Airplanes. Airplanes far, far away. Away, out of hearing, out of hearding. A large window set before me like ::: a framed picture, a television set, a movie screen, a photograph, a painting—a setting for Drone. I watched Drone grow, fascinated by its glow, powered in my ears by polluted Pole-bean pollen, smelling the ripples of miserable nipples squirt bitter past my tartared Teeth, tethering Tongue. My devastated nipples deserted my flat, fraudulent breast. Through turbulent tears, I could see the other side of Mall as from a Cereal Box. Silence, which had subsided, was now thankfully subdued. Below us came formations of fighter planes flying low patterns, banking only Right because a wrong move would end in the beginning of Disaster. They approaching out of the beautiful be-nippled night. In spite of what I thought to be better judgment, I dispatched my nipples to intercept them, knowing all was not right. The noise was caught during each frightening, gloomy, hurtful Interdiction of apish nipple. It hammered without let up from all sides including insides. We—my despicable Companion and I—cowered beneath stacks of potato ricers and nipple trimmers. Incessant screaming brought me to the brink of evaporation. I shit my shoes—Swallowed my snuggy-buggy snot–Saw my soul on sale. Thank God for my despicable Companion. Thank God daily by suffering sufficiently, I grow strong. With both Hands, we scratched at each other’s gritty nipples and could not, would not—dared not…Stop. Until….Ohhhh!

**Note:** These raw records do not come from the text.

lemma C2_square_growth:
  fixes \<theta>1 \<theta>2 A \<alpha> :: real
  assumes C2: "C2_on_with \<theta>1 \<theta>2 f f1 f2" and "\<theta>1 \<le> a" "a \<le> b" "b \<le> \<theta>2"
    and "0 \<le> A" "0 \<le> \<alpha>"
    and "(\<forall>s\<in>{a..b}. A * (s - \<theta>1) powr \<alpha> \<le> f s * f2 s) \<or>
         (\<forall>s\<in>{a..b}. A * (\<theta>2 - s) powr \<alpha> \<le> f s * f2 s)"
  shows "\<exists>s\<^sub>0\<in>{a..b}. \<forall>s\<in>{a..b}. \<exists>e\<in>{s - \<theta>1, \<theta>2 - s}.
           A / (8 * 2 powr \<alpha>) * (s - s\<^sub>0)\<^sup>2 * e powr \<alpha> \<le> (f s)\<^sup>2"
proof -
  obtain w where w: "w = (\<lambda>t. t - \<theta>1) \<or> w = (\<lambda>t. \<theta>2 - t)"
    and fw: "\<forall>t\<in>{a..b}. A * w t powr \<alpha> \<le> f t * f2 t"
    using assms(7) by blast
  have sub: "{a..b} \<subseteq> {\<theta>1..\<theta>2}" using assms(2,4) by auto
  note derivs = C2_on_with_square_derivatives[OF C2 sub]
  have g''_ge: "\<forall>t\<in>{a..b}. 2 * (A * w t powr \<alpha>) \<le> 2 * ((f1 t)\<^sup>2 + f t * f2 t)"
    using fw by (auto intro!: mult_left_mono add_increasing)
  have "continuous_on {a..b} (\<lambda>t. (f t)\<^sup>2)"
    using derivs(1) by (intro DERIV_continuous_on) auto
  then obtain s\<^sub>0 where "s\<^sub>0 \<in> {a..b}" and min: "\<forall>t\<in>{a..b}. (f s\<^sub>0)\<^sup>2 \<le> (f t)\<^sup>2"
    using continuous_attains_inf[of "{a..b}" "\<lambda>t. (f t)\<^sup>2"] \<open>a \<le> b\<close> by auto
  have "A / (8 * 2 powr \<alpha>) * (s - s\<^sub>0)\<^sup>2 * w s powr \<alpha> \<le> (f s)\<^sup>2" if "s \<in> {a..b}" for s
    using convex_min_growth_endpoint_weight[OF derivs sub w assms(5,6) g''_ge \<open>s\<^sub>0 \<in> {a..b}\<close> min
        zero_le_power2 that] .
  moreover have "w s \<in> {s - \<theta>1, \<theta>2 - s}" for s using w by auto
  ultimately show ?thesis using \<open>s\<^sub>0 \<in> {a..b}\<close> by blast
qed

lemma powr_neg_mult_powr_neg_le:
  fixes x y p q :: real
  assumes "0 < x" "0 < y" "0 \<le> p" "0 \<le> q"
  shows "x powr - p * y powr - q \<le> x powr - (p + q) + y powr - (p + q)"
proof -
  have "x powr - p * y powr - q \<le> min x y powr - p * min x y powr - q"
    using assms by (intro mult_mono powr_mono2') auto
  also have "\<dots> = min x y powr - (p + q)" by (simp add: powr_add[symmetric])
  also have "\<dots> \<le> x powr - (p + q) + y powr - (p + q)" by (simp add: min_def)
  finally show ?thesis .
qed

lemma power2_powr: "((x :: real)\<^sup>2) powr c = \<bar>x\<bar> powr (2 * c)"
proof -
  have "x\<^sup>2 = \<bar>x\<bar> powr 2" by simp
  then show ?thesis by (simp only: powr_powr)
qed

lemma neg_pow_integrand_le:
  fixes \<gamma> K \<alpha> e :: real
  assumes "0 < \<gamma>" "0 < K" "0 \<le> \<alpha>" "0 < e" "s \<noteq> s\<^sub>0"
    and growth: "K * (s - s\<^sub>0)\<^sup>2 * e powr \<alpha> \<le> (f s)\<^sup>2"
  shows "neg_pow_integrand \<gamma> f s \<le> ennreal (K powr (- 1 / (2 * \<gamma>)) *
           (\<bar>s - s\<^sub>0\<bar> powr - ((2 + \<alpha>) / (2 * \<gamma>)) + e powr - ((2 + \<alpha>) / (2 * \<gamma>))))"
proof -
  define c where "c = - 1 / (2 * \<gamma>)"
  have "0 < K * (s - s\<^sub>0)\<^sup>2 * e powr \<alpha>" using assms by simp
  with growth have "f s \<noteq> 0" by auto
  have "\<bar>f s\<bar> powr (- 1 / \<gamma>) = ((f s)\<^sup>2) powr c"
    using \<open>0 < \<gamma>\<close> by (simp add: c_def power2_powr)
  also have "\<dots> \<le> (K * (s - s\<^sub>0)\<^sup>2 * e powr \<alpha>) powr c"
    using growth \<open>0 < K * (s - s\<^sub>0)\<^sup>2 * e powr \<alpha>\<close> \<open>0 < \<gamma>\<close> by (intro powr_mono2') (auto simp: c_def)
  also have "\<dots> = K powr c * (\<bar>s - s\<^sub>0\<bar> powr - (1 / \<gamma>) * e powr - (\<alpha> / (2 * \<gamma>)))"
    using assms by (simp add: c_def powr_mult powr_powr power2_powr)
  also have "\<dots> \<le> K powr c * (\<bar>s - s\<^sub>0\<bar> powr - (1 / \<gamma> + \<alpha> / (2 * \<gamma>))
      + e powr - (1 / \<gamma> + \<alpha> / (2 * \<gamma>)))"
    using assms by (intro mult_left_mono powr_neg_mult_powr_neg_le) auto
  also have "1 / \<gamma> + \<alpha> / (2 * \<gamma>) = (2 + \<alpha>) / (2 * \<gamma>)"
    using \<open>0 < \<gamma>\<close> by (simp add: field_simps)
  finally show ?thesis
    using \<open>f s \<noteq> 0\<close> by (simp add: neg_pow_integrand_def c_def ennreal_leI)
qed
(* Essential smoothness makes the gradient blow up towards a minimiser on the boundary of edom Phi,
   which contradicts the bound along the segment to an interior point of C. *)
lemma minimizer_in_U:
  assumes y: "y \<in> U" and zb: "zb \<in> C" "zb \<in> edom \<Phi>"
    and min: "\<And>w. w \<in> C \<Longrightarrow> w \<in> U \<Longrightarrow> D zb y \<le> D w y"
  shows "zb \<in> U"
proof (rule ccontr)
  assume "zb \<notin> U"
  obtain c where c: "c \<in> C" "c \<in> U"
    using C_meets_U by blast
  obtain B where B: "\<And>s. 0 < s \<Longrightarrow> s < 1 \<Longrightarrow> norm (g (zb + s *\<^sub>R (c - zb))) \<le> B"
    using grad_bounded_on_segment_to_minimizer[OF y zb min c] by blast
  define t where "t n = inverse (real (Suc n)) / 2" for n
  have t: "0 < t n" "t n < 1" for n
    by (auto simp: t_def field_simps)
  define zs where "zs n = zb + t n *\<^sub>R (c - zb)" for n
  have zs_eq: "zs n = (1 - (1 - t n)) *\<^sub>R c + (1 - t n) *\<^sub>R zb" for n
    by (simp add: zs_def algebra_simps)
  have "t \<longlonglongrightarrow> 0"
    unfolding t_def using tendsto_divide_zero[OF LIMSEQ_inverse_real_of_nat] by simp
  then have "zs \<longlonglongrightarrow> zb + 0 *\<^sub>R (c - zb)"
    unfolding zs_def by (intro tendsto_intros)
  then have lim: "zs \<longlonglongrightarrow> zb"
    by simp
  have in_U: "zs n \<in> U" for n
    unfolding zs_eq by (rule convex_combination_in_U[OF c(2) zb(2)]) (use t[of n] in auto)
  have "zb \<in> frontier (edom \<Phi>)"
    using zb(2) \<open>zb \<notin> U\<close> closure_subset unfolding frontier_def by blast
  with in_U lim have "filterlim (\<lambda>n. norm (g (zs n))) at_top sequentially"
    by (rule filterlim_norm_grad_at_frontier)
  then obtain n where "B + 1 \<le> norm (g (zs n))"
    unfolding filterlim_at_top eventually_sequentially by blast
  moreover have "norm (g (zs n)) \<le> B"
    unfolding zs_def using B t by blast
  ultimately show False by simp
qed
lemma card_clique_colours_rainbow_triangle:
  assumes "x \<noteq> y" "y \<noteq> z" "x \<noteq> z" "c {x, y} \<noteq> c {x, z}" "c {x, y} \<noteq> c {y, z}" "c {x, z} \<noteq> c {y, z}"
  shows "3 \<le> card (clique_colours c {x, y, z})"
proof -
  have "3 = card {c {x, y}, c {x, z}, c {y, z}}" using assms by auto
  also have "\<dots> \<le> card (clique_colours c {x, y, z})"
    using clique_coloursI[of _ "{x, y, z}"] assms by (intro card_mono finite_clique_colours) auto
  finally show ?thesis .
qed

lemma clique_colours_extend:
  assumes cc: "connected_colouring n k c" and kn: "k < n"
    and S: "S \<subseteq> {..<n}" "S \<noteq> {}" "card S < k" "card S \<le> card (clique_colours c S)"
  obtains w where "w < n" "w \<notin> S" "Suc (card S) \<le> card (clique_colours c (insert w S))"
proof -
  have finS: "finite S" using S(1) finite_subset by blast
  have "S \<noteq> {..<n}" using S(3) kn by auto
  then obtain t where t: "t < n" "t \<notin> S" using S(1) by auto
  show thesis
  proof (cases "{1..k} \<subseteq> clique_colours c S")
    case True
    then have "card {1..k} \<le> card (clique_colours c (insert t S))"
      using clique_colours_mono[of S "insert t S" c] finS
      by (intro card_mono finite_clique_colours) auto
    then show thesis using that t S(3) by simp
  next
    case False
    then obtain i where i: "i \<in> {1..k}" "i \<notin> clique_colours c S" by blast
    obtain u where u: "u \<in> S" using S(2) by blast
    obtain w where w: "w < n" "w \<noteq> u" "c {u, w} = i"
      using colour_connected_neighbour[OF connected_colouring_colour_connected[OF cc i(1)], of u t]
        u t S(1) by auto
    have "w \<notin> S" using w i(2) clique_coloursI[OF u, of w c] by auto
    have "Suc (card (clique_colours c S)) = card (insert i (clique_colours c S))"
      using i(2) finS finite_clique_colours by simp
    also have "\<dots> \<le> card (clique_colours c (insert w S))"
      using clique_colours_mono[of S "insert w S" c] clique_coloursI[of u "insert w S" w c] u w finS
      by (intro card_mono finite_clique_colours) auto
    finally show thesis using that w(1) \<open>w \<notin> S\<close> S(4) by simp
  qed
qed

lemma connected_colouring_many_coloured_clique:
  assumes cc: "connected_colouring n k c" and n: "2 \<le> n" and m: "3 \<le> m" "m \<le> k"
  shows "\<exists>S \<subseteq> {..<n}. card S = m \<and> m \<le> card (clique_colours c S)"
  using m
proof (induction m rule: nat_induct_at_least)
  case base
  have "colour_connected {..<n} c i" if "i \<in> {1, 2, 3}" for i
    using connected_colouring_colour_connected[OF cc] that base by auto
  then have "\<not> rainbow_triangle_free {..<n} c"
    using three_connected_colours_rainbow_triangle[of "{..<n}" c 1 2 3] n by simp
  then obtain x y z where "x < n" "y < n" "z < n" "x \<noteq> y" "y \<noteq> z" "x \<noteq> z"
    "c {x, y} \<noteq> c {x, z}" "c {x, y} \<noteq> c {y, z}" "c {x, z} \<noteq> c {y, z}"
    unfolding rainbow_triangle_free_def by blast
  then show ?case
    using card_clique_colours_rainbow_triangle by (intro exI[of _ "{x, y, z}"]) auto
next
  case (Suc m)
  then obtain S where S: "S \<subseteq> {..<n}" "card S = m" "m \<le> card (clique_colours c S)" by auto
  moreover have "S \<noteq> {}" "card S < k" using S(2) Suc by auto
  ultimately obtain w where w: "w < n" "w \<notin> S" "Suc m \<le> card (clique_colours c (insert w S))"
    using clique_colours_extend[OF cc connected_colouring_colours_lt[OF cc n]] by metis
  have "finite S" using S(1) finite_subset by blast
  then show ?case using S w by (intro exI[of _ "insert w S"]) auto
qed

definition vertex_colour :: "nat \<Rightarrow> nat \<Rightarrow> nat" where
  "vertex_colour k x = x mod k + 1"

definition block_colouring :: "nat \<Rightarrow> nat set \<Rightarrow> nat" where
  "block_colouring k e =
     vertex_colour k (if Min e < k \<and> 2 * k \<le> Max e then Max e else Min e)"

lemma block_colouring_pair:
  "block_colouring k {x, y} =
     vertex_colour k (if min x y < k \<and> 2 * k \<le> max x y then max x y else min x y)"
  unfolding block_colouring_def by simp

lemma block_colouring_endpoint: "block_colouring k {x, y} \<in> {vertex_colour k x, vertex_colour k y}"
  unfolding block_colouring_pair by (auto simp: min_def max_def)

lemma card_clique_colours_block_colouring:
  assumes "finite S"
  shows "card (clique_colours (block_colouring k) S) \<le> card S"
proof -
  have "clique_colours (block_colouring k) S \<subseteq> vertex_colour k ` S"
    unfolding clique_colours_def using block_colouring_endpoint by fastforce
  then have "card (clique_colours (block_colouring k) S) \<le> card (vertex_colour k ` S)"
    using assms by (simp add: card_mono)
  also have "\<dots> \<le> card S" using assms card_image_le by blast
  finally show ?thesis .
qed

lemma block_colouring_connected:
  assumes k: "1 \<le> k" and n: "3 * k \<le> n"
  shows "connected_colouring n k (block_colouring k)"
proof -
  have "edge_colouring n k (block_colouring k)"
    unfolding edge_colouring_def block_colouring_def vertex_colour_def using k by (auto simp: Suc_le_eq)
  moreover have "colour_connected {..<n} (block_colouring k) i" if i: "i \<in> {1..k}" for i
  proof -
    let ?R = "colour_edge {..<n} (block_colouring k) i"
    obtain j where j: "i = Suc j" "j < k" using i by (cases i) auto
    define a b h where "a = j" and "b = k + j" and "h = 2 * k + j"
    have col: "vertex_colour k a = i" "vertex_colour k b = i" "vertex_colour k h = i"
      using j unfolding vertex_colour_def a_def b_def h_def by auto
    have blocks: "a < k" "k \<le> b" "b < 2 * k" "2 * k \<le> h" "h < n"
      using j n unfolding a_def b_def h_def by auto
    have edge: "?R x y" if "x < n" "y < n" "x \<noteq> y" "block_colouring k {x, y} = i" for x y
      using that unfolding colour_edge_def by simp
    have ba: "?R b a" using blocks col by (intro edge) (auto simp: block_colouring_pair)
    have hb: "?R h b" using blocks col by (intro edge) (auto simp: block_colouring_pair)
    have "?R\<^sup>*\<^sup>* u a" if "u < n" for u
    proof -
      consider "u = a" | "u < k" "u \<noteq> a" | "k \<le> u" "u < 2 * k" | "2 * k \<le> u" by linarith
      then show ?thesis
      proof cases
        case 2
        then have "?R u h" using blocks col that by (intro edge) (auto simp: block_colouring_pair)
        then show ?thesis using hb ba by (meson converse_rtranclp_into_rtranclp rtranclp.rtrancl_refl)
      next
        case 3
        then have "?R u a" using blocks col that by (intro edge) (auto simp: block_colouring_pair)
        then show ?thesis by blast
      next
        case 4
        then have "?R u b" using blocks col that by (intro edge) (auto simp: block_colouring_pair)
        then show ?thesis using ba by (meson converse_rtranclp_into_rtranclp rtranclp.rtrancl_refl)
      qed simp
    qed
    then show ?thesis by (intro colour_connected_hub) auto
  qed
  ultimately show ?thesis
    unfolding connected_colouring_def colour_class_connected_iff by blast
qed

theorem proposition14:
  fixes d k :: nat
  assumes "3 \<le> d" and "d \<le> k"
  shows "(\<forall>n \<ge> 2. \<forall>c. connected_colouring n k c \<longrightarrow>
            (\<exists>S \<subseteq> {..<n}. card S = d \<and> card (clique_colours c S) \<ge> d))
       \<and> (\<exists>N. \<forall>n \<ge> N. \<exists>c. connected_colouring n k c \<and>
            (\<forall>S \<subseteq> {..<n}. card S = d \<longrightarrow> card (clique_colours c S) \<le> d))"
proof
  show "\<forall>n \<ge> 2. \<forall>c. connected_colouring n k c \<longrightarrow>
          (\<exists>S \<subseteq> {..<n}. card S = d \<and> card (clique_colours c S) \<ge> d)"
    using connected_colouring_many_coloured_clique assms by blast
  have "connected_colouring n k (block_colouring k) \<and>
      (\<forall>S \<subseteq> {..<n}. card S = d \<longrightarrow> card (clique_colours (block_colouring k) S) \<le> d)"
    if "3 * k \<le> n" for n
    using that assms block_colouring_connected[of k n]
      card_clique_colours_block_colouring[OF finite_subset[OF _ finite_lessThan]]
    by auto
  then show "\<exists>N. \<forall>n \<ge> N. \<exists>c. connected_colouring n k c \<and>
          (\<forall>S \<subseteq> {..<n}. card S = d \<longrightarrow> card (clique_colours c S) \<le> d)"
    by blast
qed

end
lemma self_consistent_sin_eq_0:
  fixes \<theta> h r \<Psi> :: real
  assumes "sin \<Psi> = 0"
  shows "self_consistent \<theta> h r \<Psi> \<longleftrightarrow>
    r = (h + \<theta> * r) * kappa \<bar>2 * (h + \<theta> * r)\<bar> - (h - \<theta> * r) * kappa \<bar>2 * (h - \<theta> * r)\<bar>"
proof -
  have cos: "cos \<Psi> = 1 \<or> cos \<Psi> = -1"
    using sin_zero_abs_cos_one[OF assms] by linarith
  then have "((2 * \<theta> * r * cos \<Psi> + 2 * h) * kappa \<bar>2 * \<theta> * r * cos \<Psi> + 2 * h\<bar>
       + (2 * \<theta> * r * cos \<Psi> - 2 * h) * kappa \<bar>2 * \<theta> * r * cos \<Psi> - 2 * h\<bar>) / 2
      = cos \<Psi> * ((h + \<theta> * r) * kappa \<bar>2 * (h + \<theta> * r)\<bar> - (h - \<theta> * r) * kappa \<bar>2 * (h - \<theta> * r)\<bar>)"
    (is "_ = cos \<Psi> * ?\<rho>")
    by (elim disjE) (simp_all add: abs_minus_commute field_simps)
  then have "self_consistent \<theta> h r \<Psi> \<longleftrightarrow> r * cos \<Psi> = cos \<Psi> * ?\<rho>"
    unfolding self_consistent_iff_kappa using assms by simp
  with cos show ?thesis
    by auto
qed

lemma self_consistent_cos_eq_0:
  fixes \<theta> h r \<Psi> :: real
  assumes "cos \<Psi> = 0"
  shows "self_consistent \<theta> h r \<Psi> \<longleftrightarrow> r = 2 * \<theta> * r * kappa (2 * sqrt (h\<^sup>2 + \<theta>\<^sup>2 * r\<^sup>2))"
proof -
  have sin: "sin \<Psi> = 1 \<or> sin \<Psi> = -1"
    using sin_cos_squared_add[of \<Psi>] assms by (simp add: power2_eq_1_iff)
  have "sqrt ((2 * h)\<^sup>2 + (2 * \<theta> * r * sin \<Psi>)\<^sup>2) = 2 * sqrt (h\<^sup>2 + \<theta>\<^sup>2 * r\<^sup>2)"
    using sin real_sqrt_mult[of 4 "h\<^sup>2 + \<theta>\<^sup>2 * r\<^sup>2"] by (auto simp: power_mult_distrib algebra_simps)
  then show ?thesis
    using sin assms unfolding self_consistent_iff_kappa by auto
qed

Dawn. Looking for a happy ending, we bent to pick Candy off the tarry ground. Suckers. Nauseatingly sweet. The paper stuck. We ate. We sucked. We crunched the hardness of Sucker. We ate one eighth. We swooned as our nipples rotated and smoked. So cool! It was only with the onset of deep Night that I realized Sucker was laced with nipple remover. All clanged Change! Oh, horror! Oh Horrorweenish when, with the tinkling of belly-button Bells, our nipples fell to tarry Ground, squished and squashed. A chorus of nipples slacked like multi-used condoms underfoot just prior to bursting into soupy Song. Please, no more! Go no further! Return to your cars at once! (Shots rang out.)